That was such a sweet tribute and it just choked me up. I guess it really hits home for me because I know I will lose Beau soon. She is with all of our dogs waiting at the rainbow bridge until the day you can be together again. Thank you for sharing that with us.


----------



## KatzNK9 (Feb 27, 2007)

I'm so sorry for your loss. Spice was a beauty. I hope your many happy memories often bring smiles to you.


----------



## Griffyn'sMom (Mar 22, 2007)

Awwww  Cyber ~Hugs~ headed your way. I hope my Jake is taking care of all these young-uns at the bridge.


----------



## Brinkleysmom (Dec 17, 2005)

Spice was a beautiful girl, Heidi. Know she was well loved and will be waiting for you with that beautiful tail of hers wagging all the way. Its a pain you never get over but it does get easier. Thank God we have the memories until we meet them again at the bridge


----------



## justmejanis (Feb 25, 2007)

I am so sorry Heidi. What a great loss. She will always be remembered!


----------



## timm (Jan 7, 2007)

we are crying for you and your spice, we know your pain all too well, we are so sorry for your loss

tim and melissa


----------



## mylissyk (Feb 25, 2007)

She's a precious girl who will always have a special place in your heart.


----------



## Dslats (Mar 1, 2007)

what a nice tribute to your very beautiful girl, spice. rest well spice. 

Debbie & mason


----------



## GoldenJoyx'stwo (Feb 25, 2007)

I will never forget Spice...


----------



## AquaClaraCanines (Mar 5, 2006)

She was absolutely beautiful.

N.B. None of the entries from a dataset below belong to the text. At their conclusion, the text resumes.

locale boundary_mollifier =
  fixes \<Omega> \<Theta> :: "'a::euclidean_space set" and \<rho> \<eta> :: "'a \<Rightarrow> real"
  assumes open_\<Omega>: "open \<Omega>"
    and frontier_subset: "frontier \<Omega> \<subseteq> \<Theta>"
    and \<rho>_cont: "continuous_on UNIV \<rho>"
    and \<rho>_nonneg: "\<And>x. 0 \<le> \<rho> x"
    and \<rho>_pos_0: "0 < \<rho> 0"
    and \<eta>_cont: "continuous_on UNIV \<eta>"
    and \<eta>_nonneg: "\<And>x. 0 \<le> \<eta> x"
    and \<eta>_zero: "\<And>x. x \<in> \<Theta> \<Longrightarrow> \<eta> x = 0"
    and \<eta>_lt_infdist: "\<And>x. x \<notin> \<Theta> \<Longrightarrow> \<eta> x < infdist x \<Theta>"
begin

lemma \<eta>_le_dist:
  assumes "p \<in> \<Theta>"
  shows "\<eta> x \<le> dist x p"
proof (cases "x \<in> \<Theta>")
  case True
  then show ?thesis
    using \<eta>_zero by simp
next
  case False
  then show ?thesis
    using \<eta>_lt_infdist[of x] infdist_le[OF assms, of x] by simp
qed

lemma dist_shift_le:
  assumes "0 \<le> s" "s \<le> 1" "norm z \<le> 1"
  shows "dist x (x - (s * \<eta> x) *\<^sub>R z) \<le> \<eta> x"
proof -
  have "s * \<eta> x * norm z \<le> 1 * \<eta> x * 1"
    using assms \<eta>_nonneg[of x] by (intro mult_mono) auto
  then show ?thesis
    using assms \<eta>_nonneg[of x] by (simp add: dist_norm)
qed

lemma shift_mem:
  assumes "x \<in> \<Omega>" "0 \<le> s" "s \<le> 1" "norm z \<le> 1"
  shows "x - (s * \<eta> x) *\<^sub>R z \<in> \<Omega>"
proof (cases "x \<in> \<Theta>")
  case True
  then show ?thesis
    using assms(1) \<eta>_zero by simp
next
  case False
  then have "dist x (x - (s * \<eta> x) *\<^sub>R z) < infdist x \<Theta>"
    using dist_shift_le[OF assms(2-4)] \<eta>_lt_infdist by (meson order.strict_trans1)
  then show ?thesis
    by (rule mem_if_dist_lt_infdist_frontier[OF assms(1) frontier_subset])
qed

lemma shift_mem_closure:
  assumes "x \<in> closure \<Omega>" "0 \<le> s" "s \<le> 1" "norm z \<le> 1"
  shows "x - (s * \<eta> x) *\<^sub>R z \<in> closure \<Omega>"
proof (cases "x \<in> \<Omega>")
  case True
  then show ?thesis
    using shift_mem[OF True assms(2-4)] closure_subset by blast
next
  case False
  then have "x \<in> \<Theta>"
    using assms(1) frontier_subset open_\<Omega> by (auto simp: frontier_def interior_open)
  then show ?thesis
    using assms(1) \<eta>_zero by simp
qed

lemma integral_\<rho>_pos: "integral (ball 0 1) \<rho> > 0"
  using \<rho>_nonneg \<rho>_pos_0
  by (intro integral_ball_pos_of_continuous continuous_on_subset[OF \<rho>_cont]) auto

lemma \<rho>_integrable: "\<rho> integrable_on ball 0 1"
  by (rule integrable_on_subset_compact_of_continuous[where K="cball 0 1"])
    (auto intro: continuous_on_subset[OF \<rho>_cont])

lemma Tsc_eq_self:
  assumes "s * \<eta> x = 0"
  shows "Tsc \<rho> \<eta> s f x = f x"
  using integral_\<rho>_pos unfolding Tsc_def M_rho_def assms by (simp add: integral_mult_left)

lemma integrable_shift:
  assumes "continuous_on (closure \<Omega>) f" "x \<in> closure \<Omega>" "0 \<le> s" "s \<le> 1"
  shows "(\<lambda>z. \<rho> z * f (x - (s * \<eta> x) *\<^sub>R z)) integrable_on ball 0 1"
proof (rule integrable_on_subset_compact_of_continuous[where K="cball 0 1"])
  have "continuous_on (cball 0 1) (\<lambda>z. f (x - (s * \<eta> x) *\<^sub>R z))"
    by (rule continuous_on_compose2[OF assms(1)])
      (auto intro!: continuous_intros shift_mem_closure[OF assms(2-4)])
  then show "continuous_on (cball 0 1) (\<lambda>z. \<rho> z * f (x - (s * \<eta> x) *\<^sub>R z))"
    by (intro continuous_intros continuous_on_subset[OF \<rho>_cont]) auto
qed auto

lemma Tsc_diff_le:
  assumes f: "continuous_on (closure \<Omega>) f"
    and x: "x \<in> closure \<Omega>" "x' \<in> closure \<Omega>"
    and s: "s \<in> {0..1}" "s' \<in> {0..1}"
    and le: "\<And>z. z \<in> ball 0 1 \<Longrightarrow> \<bar>f (x - (s * \<eta> x) *\<^sub>R z) - f (x' - (s' * \<eta> x') *\<^sub>R z)\<bar> \<le> e"
  shows "\<bar>Tsc \<rho> \<eta> s f x - Tsc \<rho> \<eta> s' f x'\<bar> \<le> e"
  unfolding Tsc_def
  using s by (intro M_rho_integral_diff_le[OF integral_\<rho>_pos \<rho>_nonneg \<rho>_integrable
        integrable_shift[OF f x(1)] integrable_shift[OF f x(2)] le]) auto

lemma Tsc_uniform_modulus:
  assumes "bounded \<Omega>" "continuous_on (closure \<Omega>) f" "0 < e"
  obtains d where "0 < d"
    "\<And>x x' s s'. x \<in> closure \<Omega> \<Longrightarrow> x' \<in> closure \<Omega> \<Longrightarrow> s \<in> {0..1} \<Longrightarrow> s' \<in> {0..1} \<Longrightarrow>
      dist x x' + \<bar>s * \<eta> x - s' * \<eta> x'\<bar> < d \<Longrightarrow> \<bar>Tsc \<rho> \<eta> s f x - Tsc \<rho> \<eta> s' f x'\<bar> \<le> e"
proof -
  have "uniformly_continuous_on (closure \<Omega>) f"
    using assms by (intro compact_uniformly_continuous) (auto simp: compact_closure)
  then obtain d where d: "0 < d"
    "\<And>a b. a \<in> closure \<Omega> \<Longrightarrow> b \<in> closure \<Omega> \<Longrightarrow> dist a b < d \<Longrightarrow> dist (f a) (f b) < e"
    using \<open>0 < e\<close> unfolding uniformly_continuous_on_def by metis
  show ?thesis
  proof (rule that[OF d(1)])
    fix x x' s s'
    assume x: "x \<in> closure \<Omega>" "x' \<in> closure \<Omega>" and s: "s \<in> {0..1}" "s' \<in> {0..1}"
      and close: "dist x x' + \<bar>s * \<eta> x - s' * \<eta> x'\<bar> < d"
    show "\<bar>Tsc \<rho> \<eta> s f x - Tsc \<rho> \<eta> s' f x'\<bar> \<le> e"
    proof (rule Tsc_diff_le[OF assms(2) x s])
      fix z :: 'a
      assume z: "z \<in> ball 0 1"
      have "dist (x - (s * \<eta> x) *\<^sub>R z) (x' - (s' * \<eta> x') *\<^sub>R z)
          = norm ((x - x') - (s * \<eta> x - s' * \<eta> x') *\<^sub>R z)"
        by (simp add: dist_norm algebra_simps)
      also have "\<dots> \<le> dist x x' + \<bar>s * \<eta> x - s' * \<eta> x'\<bar> * norm z"
        by (metis dist_norm norm_scaleR norm_triangle_ineq4)
      also have "\<dots> \<le> dist x x' + \<bar>s * \<eta> x - s' * \<eta> x'\<bar>"
        using z by (simp add: mult_left_le)
      finally have "dist (f (x - (s * \<eta> x) *\<^sub>R z)) (f (x' - (s' * \<eta> x') *\<^sub>R z)) < e"
        using close s z by (intro d(2) shift_mem_closure x) auto
      then show "\<bar>f (x - (s * \<eta> x) *\<^sub>R z) - f (x' - (s' * \<eta> x') *\<^sub>R z)\<bar> \<le> e"
        by (simp add: dist_real_def)
    qed
  qed
qed

lemma continuous_on_Top:
  assumes "bounded \<Omega>" and f: "continuous_on (closure \<Omega>) f"
  shows "continuous_on (closure \<Omega>) (Top \<rho> \<eta> f)"
  unfolding continuous_on_iff
proof (intro ballI allI impI)
  fix x0 and e :: real
  assume x0: "x0 \<in> closure \<Omega>" and "0 < e"
  then obtain d where d: "0 < d"
    "\<And>x x'. x \<in> closure \<Omega> \<Longrightarrow> x' \<in> closure \<Omega> \<Longrightarrow> dist x x' + \<bar>\<eta> x - \<eta> x'\<bar> < d \<Longrightarrow>
      \<bar>Top \<rho> \<eta> f x - Top \<rho> \<eta> f x'\<bar> \<le> e / 2"
    using Tsc_uniform_modulus[OF assms half_gt_zero, of e] unfolding Top_def
    by (metis atLeastAtMost_iff mult_1 order_refl zero_le_one)
  have "isCont \<eta> x0"
    using \<eta>_cont by (simp add: continuous_on_eq_continuous_at)
  then obtain d' where d': "0 < d'" "\<And>x. dist x x0 < d' \<Longrightarrow> \<bar>\<eta> x - \<eta> x0\<bar> < d / 2"
    using d(1) unfolding continuous_at_eps_delta dist_real_def by (meson half_gt_zero)
  show "\<exists>d>0. \<forall>x\<in>closure \<Omega>. dist x x0 < d \<longrightarrow> dist (Top \<rho> \<eta> f x) (Top \<rho> \<eta> f x0) < e"
  proof (intro exI[of _ "min d' (d / 2)"] conjI ballI impI)
    fix x
    assume "x \<in> closure \<Omega>" "dist x x0 < min d' (d / 2)"
    then have "\<bar>Top \<rho> \<eta> f x - Top \<rho> \<eta> f x0\<bar> \<le> e / 2"
      using d'(2)[of x] by (intro d(2) x0) auto
    then show "dist (Top \<rho> \<eta> f x) (Top \<rho> \<eta> f x0) < e"
      using \<open>0 < e\<close> by (simp add: dist_real_def)
  qed (use d d' in auto)
qed

lemma uniform_limit_Tn:
  assumes "bounded \<Omega>" and f: "continuous_on (closure \<Omega>) f"
  shows "uniform_limit (closure \<Omega>) (\<lambda>n. Tn \<rho> \<eta> n f) f sequentially"
  unfolding uniform_limit_iff
proof (intro allI impI)
  fix e :: real
  assume "0 < e"
  then obtain d where d: "0 < d"
    "\<And>x s. x \<in> closure \<Omega> \<Longrightarrow> s \<in> {0..1} \<Longrightarrow> \<bar>s * \<eta> x\<bar> < d \<Longrightarrow>
      \<bar>Tsc \<rho> \<eta> s f x - Tsc \<rho> \<eta> 0 f x\<bar> \<le> e / 2"
    using Tsc_uniform_modulus[OF assms half_gt_zero, of e] by (metis atLeastAtMost_iff
        diff_zero dist_self add_0 mult_zero_left order_refl zero_le_one)
  have "compact (\<eta> ` closure \<Omega>)"
    using assms(1) by (intro compact_continuous_image continuous_on_subset[OF \<eta>_cont])
      (auto simp: compact_closure)
  then obtain B where "\<forall>y \<in> \<eta> ` closure \<Omega>. \<bar>y\<bar> \<le> B"
    using bounded_real compact_imp_bounded by blast
  then have B: "\<And>x. x \<in> closure \<Omega> \<Longrightarrow> \<eta> x \<le> B"
    by (simp add: abs_le_iff)
  obtain N :: nat where N: "B / d < real N"
    using reals_Archimedean2 by blast
  show "\<forall>\<^sub>F n in sequentially. \<forall>x\<in>closure \<Omega>. dist (Tn \<rho> \<eta> n f x) (f x) < e"
    unfolding eventually_sequentially
  proof (intro exI[of _ "Suc N"] allI impI ballI)
    fix n x
    assume n: "Suc N \<le> n" and x: "x \<in> closure \<Omega>"
    then have n_pos: "0 < real n" and "B / d < real n"
      using N by auto
    then have "\<eta> x / real n < d"
      using B[OF x] d(1) by (simp add: field_simps)
    then have "\<bar>Tsc \<rho> \<eta> (1 / real n) f x - Tsc \<rho> \<eta> 0 f x\<bar> \<le> e / 2"
      using n_pos \<eta>_nonneg[of x] by (intro d(2) x) auto
    then show "dist (Tn \<rho> \<eta> n f x) (f x) < e"
      using \<open>0 < e\<close> Tsc_eq_self[of 0 x f] by (simp add: Tn_def dist_real_def)
  qed
qed

lemma Tsc_eq_0:
  assumes "x \<in> \<Omega>" "s \<in> {0..1}" and vanish: "\<And>y. y \<in> \<Omega> \<Longrightarrow> dist x y \<le> \<eta> x \<Longrightarrow> f y = 0"
  shows "Tsc \<rho> \<eta> s f x = 0"
proof -
  have "f (x - (s * \<eta> x) *\<^sub>R z) = 0" if "z \<in> ball 0 1" for z
    using assms(1,2) that by (intro vanish shift_mem dist_shift_le) auto
  then have "integral (ball 0 1) (\<lambda>z. \<rho> z * f (x - (s * \<eta> x) *\<^sub>R z)) = integral (ball 0 1) (\<lambda>_::'a. 0::real)"
    by (intro Henstock_Kurzweil_Integration.integral_cong) simp
  then show ?thesis
    by (simp add: Tsc_def)
qed

lemma supp_on_Top_disjoint:
  assumes "\<Gamma> \<subseteq> \<Theta>" "supp_on \<Omega> f \<inter> \<Gamma> = {}"
  shows "supp_on \<Omega> (Top \<rho> \<eta> f) \<inter> \<Gamma> = {}"
proof -
  have "p \<notin> supp_on \<Omega> (Top \<rho> \<eta> f)" if "p \<in> \<Gamma>" for p
  proof -
    have "p \<notin> closure {y \<in> \<Omega>. f y \<noteq> 0}"
      using assms(2) \<open>p \<in> \<Gamma>\<close> unfolding supp_on_def by blast
    then obtain r where r: "0 < r" "\<And>y. y \<in> \<Omega> \<Longrightarrow> f y \<noteq> 0 \<Longrightarrow> r \<le> dist y p"
      unfolding closure_approachable by (metis (mono_tags, lifting) mem_Collect_eq not_le)
    have "Top \<rho> \<eta> f x = 0" if x: "x \<in> \<Omega>" "dist x p < r / 2" for x
    proof (unfold Top_def, rule Tsc_eq_0[OF x(1)])
      fix y
      assume "y \<in> \<Omega>" "dist x y \<le> \<eta> x"
      moreover have "\<eta> x \<le> dist x p"
        using \<open>p \<in> \<Gamma>\<close> assms(1) by (intro \<eta>_le_dist) auto
      ultimately show "f y = 0"
        using r(2)[of y] x(2) dist_triangle[of y p x] by (force simp: dist_commute)
    qed auto
    then have "\<forall>x\<in>{x \<in> \<Omega>. Top \<rho> \<eta> f x \<noteq> 0}. \<not> dist x p < r / 2"
      by blast
    then show ?thesis
      unfolding supp_on_def closure_approachable using r(1) by (metis half_gt_zero)
  qed
  then show ?thesis
    by blast
qed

I love her name, too. What a lovely lady she was.


----------



## Brandy's Mom (Oct 5, 2005)

Beautiful tribute, Heidi. It does get a little easier over time but I don't think the tears ever dry up totally.


----------



## Heidi36oh (Feb 27, 2007)

Thank you all, made me feel better just to write down what I felt:bawling:


----------



## sophiesadiehannah's mom (Feb 11, 2007)

sorry about spice, i do know exactly how you feel, it has been a liitle over a year since we lost our liza with kidney failure and five years since we lost our roxanne due to diabetes. they are both missed so much.


----------



## AtticusJordie (Aug 15, 2006)

Gosh--what a great tribute! It certainly came from the heart!

Our condolences to you!

SJ


----------